Segment Start: INFORMATION GIVEN

(* Let $G$ be a finite indecomposable group. Then $G$ has Property A if and only if $G$ is Chermak-Delgado simple.
   Context: All groups are finite. A group is indecomposable if it cannot be written as a direct product $H \times K$ with $H \neq 1$ and $K \neq 1$. A group $G$ has Property A if for every non-trivial abelian normal subgroup $A$ of $G$, $|G/C_G(A)| > |A|$. For $H \leq G$, $m_G(H) = |H|\,|C_G(H)|$; $m^*(G) = \max\{ m_G(H) : H \leq G\}$; $\mathcal{CD}(G) = \{ H \leq G : m_G(H) = m^*(G)\}$. $G$ is Chermak-Delgado simple if $\mathcal{CD}(G) = \{1, G\}$. *)

theory Defs
  imports "HOL-Algebra.Algebra"
begin

definition centralizer :: "('a, 'b) monoid_scheme \<Rightarrow> 'a set \<Rightarrow> 'a set" where
  "centralizer G H = {g \<in> carrier G. \<forall>h \<in> H. g \<otimes>\<^bsub>G\<^esub> h = h \<otimes>\<^bsub>G\<^esub> g}"

definition indecomposable :: "('a, 'b) monoid_scheme \<Rightarrow> bool" where
  "indecomposable G \<longleftrightarrow>
     \<not> (\<exists>H K. H \<lhd> G \<and> K \<lhd> G \<and> H \<inter> K = {\<one>\<^bsub>G\<^esub>} \<and> H <#>\<^bsub>G\<^esub> K = carrier G
              \<and> H \<noteq> {\<one>\<^bsub>G\<^esub>} \<and> K \<noteq> {\<one>\<^bsub>G\<^esub>})"

definition property_A :: "('a, 'b) monoid_scheme \<Rightarrow> bool" where
  "property_A G \<longleftrightarrow>
     (\<forall>A. A \<lhd> G \<and> A \<noteq> {\<one>\<^bsub>G\<^esub>} \<and> (\<forall>x\<in>A. \<forall>y\<in>A. x \<otimes>\<^bsub>G\<^esub> y = y \<otimes>\<^bsub>G\<^esub> x)
          \<longrightarrow> card (rcosets\<^bsub>G\<^esub> (centralizer G A)) > card A)"

definition cd_measure :: "('a, 'b) monoid_scheme \<Rightarrow> 'a set \<Rightarrow> nat" where
  "cd_measure G H = card H * card (centralizer G H)"

definition cd_max :: "('a, 'b) monoid_scheme \<Rightarrow> nat" where
  "cd_max G = Max {cd_measure G H | H. subgroup H G}"

definition CD :: "('a, 'b) monoid_scheme \<Rightarrow> 'a set set" where
  "CD G = {H. subgroup H G \<and> cd_measure G H = cd_max G}"

definition CD_simple :: "('a, 'b) monoid_scheme \<Rightarrow> bool" where
  "CD_simple G \<longleftrightarrow> CD G = {{\<one>\<^bsub>G\<^esub>}, carrier G}"

end

theory Submission
  imports Defs
begin

text \<open>
  The subgroups attaining the Chermak-Delgado measure form a sublattice closed under
  centralizers and conjugation; the product formula, applied to the meet of two of them,
  even gives \<open>C(H \<inter> K) = C(H) C(K)\<close>. A minimal nontrivial member \<open>Q\<close> of this
  sublattice is therefore normal, since \<open>Q \<inter> Q\<^sup>g\<close> is either \<open>Q\<close> or trivial, and in the
  latter case \<open>C(Q) C(Q\<^sup>g) = G\<close> forces \<open>g\<close> to act trivially on \<open>Q\<close>. For the same
  reason \<open>Q\<close> is either abelian or meets \<open>C(Q)\<close> trivially.

  Property A says exactly that every nontrivial abelian normal subgroup \<open>A\<close> has
  measure \<open>|A| |C(A)| < |G| = m({1})\<close>. Hence under Property A the least member of the
  sublattice is \<open>1\<close>, so \<open>m\<^sup>*(G) = |G|\<close>, and a minimal nontrivial \<open>Q\<close> below a
  nontrivial member \<open>H\<close> cannot be abelian. Thus \<open>Q \<inter> C(Q) = 1\<close> and \<open>Q C(Q) = G\<close>
  is a direct decomposition, so indecomposability gives \<open>Q = G = H\<close>. Conversely,
  if the sublattice is \<open>{1, G}\<close>, a nontrivial abelian normal subgroup with measure
  \<open>\<ge> |G|\<close> would be \<open>G\<close> itself, which is impossible for \<open>G \<noteq> 1\<close>.
\<close>

lemma nat_mult_squeeze:
  fixes x y m :: nat
  assumes "x \<le> m" "y \<le> m" "m * m \<le> x * y"
  shows "x = m \<and> y = m"
proof -
  have "x * y \<le> x * m" "x * m \<le> m * m" "x * y \<le> m * y" "m * y \<le> m * m"
    using assms by simp_all
  then have "x * m = m * m" "m * y = m * m"
    using assms(3) by linarith+
  then show ?thesis
    using assms(1,2) by (cases "m = 0") auto
qed

lemma (in group) inv_mult_cancel_left [simp]:
  "x \<in> carrier G \<Longrightarrow> y \<in> carrier G \<Longrightarrow> inv x \<otimes> (x \<otimes> y) = y"
  by (simp add: m_assoc [symmetric])

lemma (in group) centralizer_subset: "centralizer G H \<subseteq> carrier G"
  unfolding centralizer_def by auto

lemma (in group) centralizer_antimono: "H \<subseteq> K \<Longrightarrow> centralizer G K \<subseteq> centralizer G H"
  unfolding centralizer_def by auto

lemma (in group) subset_centralizer_centralizer:
  "H \<subseteq> carrier G \<Longrightarrow> H \<subseteq> centralizer G (centralizer G H)"
  unfolding centralizer_def by auto

lemma (in group) centralizer_one: "centralizer G {\<one>} = carrier G"
  unfolding centralizer_def by auto

lemma (in group) subgroup_centralizer:
  assumes H: "H \<subseteq> carrier G"
  shows "subgroup (centralizer G H) G"
proof (rule subgroupI)
  show "centralizer G H \<subseteq> carrier G"
    by (rule centralizer_subset)
  have "\<one> \<in> centralizer G H"
    using H unfolding centralizer_def by auto
  then show "centralizer G H \<noteq> {}"
    by blast
next
  fix a assume a: "a \<in> centralizer G H"
  show "inv a \<in> centralizer G H"
    unfolding centralizer_def
  proof safe
    fix h assume h: "h \<in> H"
    have ac: "a \<in> carrier G" and hc: "h \<in> carrier G" and ah: "a \<otimes> h = h \<otimes> a"
      using a h H unfolding centralizer_def by auto
    have "inv a \<otimes> h = inv a \<otimes> (h \<otimes> a) \<otimes> inv a"
      using ac hc by (simp add: m_assoc)
    also have "\<dots> = h \<otimes> inv a"
      using ac hc by (simp add: ah [symmetric] m_assoc)
    finally show "inv a \<otimes> h = h \<otimes> inv a" .
  qed (use a in \<open>auto simp: centralizer_def\<close>)
next
  fix a b assume a: "a \<in> centralizer G H" and b: "b \<in> centralizer G H"
  have ac: "a \<in> carrier G" and bc: "b \<in> carrier G"
    using a b centralizer_subset by auto
  have "a \<otimes> b \<otimes> h = h \<otimes> (a \<otimes> b)" if h: "h \<in> H" for h
  proof -
    have hc: "h \<in> carrier G" and ah: "a \<otimes> h = h \<otimes> a" and bh: "b \<otimes> h = h \<otimes> b"
      using a b h H unfolding centralizer_def by auto
    have "a \<otimes> b \<otimes> h = a \<otimes> (h \<otimes> b)"
      using ac bc hc by (simp add: bh m_assoc)
    also have "\<dots> = h \<otimes> (a \<otimes> b)"
      using ac bc hc by (simp add: ah m_assoc [symmetric])
    finally show ?thesis .
  qed
  then show "a \<otimes> b \<in> centralizer G H"
    using ac bc unfolding centralizer_def by auto
qed

lemma (in group) set_mult_centralizer_subset:
  assumes "H \<subseteq> carrier G"
  shows "centralizer G H <#> centralizer G K \<subseteq> centralizer G (H \<inter> K)"
proof -
  have "subgroup (centralizer G (H \<inter> K)) G"
    using assms by (intro subgroup_centralizer) blast
  then show ?thesis
    using centralizer_antimono [of "H \<inter> K" H] centralizer_antimono [of "H \<inter> K" K]
    unfolding set_mult_def by (auto intro: subgroup.m_closed)
qed

text \<open>One half of the product formula \<open>|H| |K| = |HK| |H \<inter> K|\<close>: every fibre of the
  multiplication map \<open>H \<times> K \<rightarrow> HK\<close> injects into \<open>H \<inter> K\<close>.\<close>

lemma (in group) card_mult_fibre_le:
  assumes H: "subgroup H G" and K: "subgroup K G" and "finite H"
    and h0: "h0 \<in> H" and k0: "k0 \<in> K"
  shows "card {(h, k). h \<in> H \<and> k \<in> K \<and> h \<otimes> k = h0 \<otimes> k0} \<le> card (H \<inter> K)"
proof -
  let ?F = "{(h, k). h \<in> H \<and> k \<in> K \<and> h \<otimes> k = h0 \<otimes> k0}"
  have carrH: "x \<in> carrier G" if "x \<in> H" for x
    using subgroup.mem_carrier [OF H that] .
  have carrK: "x \<in> carrier G" if "x \<in> K" for x
    using subgroup.mem_carrier [OF K that] .
  have "inj_on (\<lambda>(h, k). inv h0 \<otimes> h) ?F"
  proof (rule inj_onI, clarify)
    fix h k h' k'
    assume hk: "h \<in> H" "k \<in> K" "h \<otimes> k = h0 \<otimes> k0"
      and hk': "h' \<in> H" "k' \<in> K" "h' \<otimes> k' = h0 \<otimes> k0"
      and "inv h0 \<otimes> h = inv h0 \<otimes> h'"
    then have "h = h'"
      using carrH h0 by simp
    moreover from this have "h' \<otimes> k = h' \<otimes> k'"
      using hk(3) hk'(3) by simp
    then have "k = k'"
      by (rule l_cancel) (use hk hk' carrH carrK in auto)
    ultimately show "h = h' \<and> k = k'" ..
  qed
  moreover have "(\<lambda>(h, k). inv h0 \<otimes> h) ` ?F \<subseteq> H \<inter> K"
  proof
    fix x assume "x \<in> (\<lambda>(h, k). inv h0 \<otimes> h) ` ?F"
    then obtain h k where hk: "h \<in> H" "k \<in> K" "h \<otimes> k = h0 \<otimes> k0" and x: "x = inv h0 \<otimes> h"
      by auto
    have "inv h0 \<otimes> h = inv h0 \<otimes> (h \<otimes> k) \<otimes> inv k"
      using hk(1,2) h0 carrH carrK by (simp add: m_assoc)
    also have "\<dots> = k0 \<otimes> inv k"
      using hk h0 k0 carrH carrK by (simp add: m_assoc [symmetric])
    finally have "x = k0 \<otimes> inv k"
      using x by simp
    moreover have "x \<in> H"
      using H hk h0 x by (simp add: subgroup.m_closed subgroup.m_inv_closed)
    moreover have "k0 \<otimes> inv k \<in> K"
      using K hk k0 by (simp add: subgroup.m_closed subgroup.m_inv_closed)
    ultimately show "x \<in> H \<inter> K"
      by simp
  qed
  ultimately show ?thesis
    using \<open>finite H\<close> by (intro card_inj_on_le) auto
qed

lemma (in group) card_mult_le_card_set_mult_inter:
  assumes H: "subgroup H G" and K: "subgroup K G" and fin: "finite H" "finite K"
  shows "card H * card K \<le> card (H <#> K) * card (H \<inter> K)"
proof -
  define F where "F z = {(h, k). h \<in> H \<and> k \<in> K \<and> h \<otimes> k = z}" for z
  have fin_HK: "finite (H <#> K)"
    using fin unfolding set_mult_def by blast
  have fin_F: "finite (F z)" for z
    by (rule finite_subset [of _ "H \<times> K"]) (use fin in \<open>auto simp: F_def\<close>)
  have "card H * card K = card (H \<times> K)"
    by (simp add: card_cartesian_product)
  also have "\<dots> \<le> card (\<Union>z\<in>H <#> K. F z)"
    by (intro card_mono finite_UN_I fin_HK fin_F) (auto simp: F_def set_mult_def)
  also have "\<dots> \<le> (\<Sum>z\<in>H <#> K. card (F z))"
    using fin_HK by (rule card_UN_le)
  also have "\<dots> \<le> (\<Sum>z\<in>H <#> K. card (H \<inter> K))"
    using card_mult_fibre_le [OF H K fin(1)] by (intro sum_mono) (auto simp: F_def set_mult_def)
  finally show ?thesis
    by (simp add: mult.commute)
qed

Segment End: INFORMATION GIVEN

- [YOUR TASK] Output, exactly and with nothing else, the lines from the line containing "using K hk k0" to the end of the entries.

- [RESPONSE BELOW]
      using K hk k0 by (simp add: subgroup.m_closed subgroup.m_inv_closed)
    ultimately show "x \<in> H \<inter> K"
      by simp
  qed
  ultimately show ?thesis
    using \<open>finite H\<close> by (intro card_inj_on_le) auto
qed

lemma (in group) card_mult_le_card_set_mult_inter:
  assumes H: "subgroup H G" and K: "subgroup K G" and fin: "finite H" "finite K"
  shows "card H * card K \<le> card (H <#> K) * card (H \<inter> K)"
proof -
  define F where "F z = {(h, k). h \<in> H \<and> k \<in> K \<and> h \<otimes> k = z}" for z
  have fin_HK: "finite (H <#> K)"
    using fin unfolding set_mult_def by blast
  have fin_F: "finite (F z)" for z
    by (rule finite_subset [of _ "H \<times> K"]) (use fin in \<open>auto simp: F_def\<close>)
  have "card H * card K = card (H \<times> K)"
    by (simp add: card_cartesian_product)
  also have "\<dots> \<le> card (\<Union>z\<in>H <#> K. F z)"
    by (intro card_mono finite_UN_I fin_HK fin_F) (auto simp: F_def set_mult_def)
  also have "\<dots> \<le> (\<Sum>z\<in>H <#> K. card (F z))"
    using fin_HK by (rule card_UN_le)
  also have "\<dots> \<le> (\<Sum>z\<in>H <#> K. card (H \<inter> K))"
    using card_mult_fibre_le [OF H K fin(1)] by (intro sum_mono) (auto simp: F_def set_mult_def)
  finally show ?thesis
    by (simp add: mult.commute)
qed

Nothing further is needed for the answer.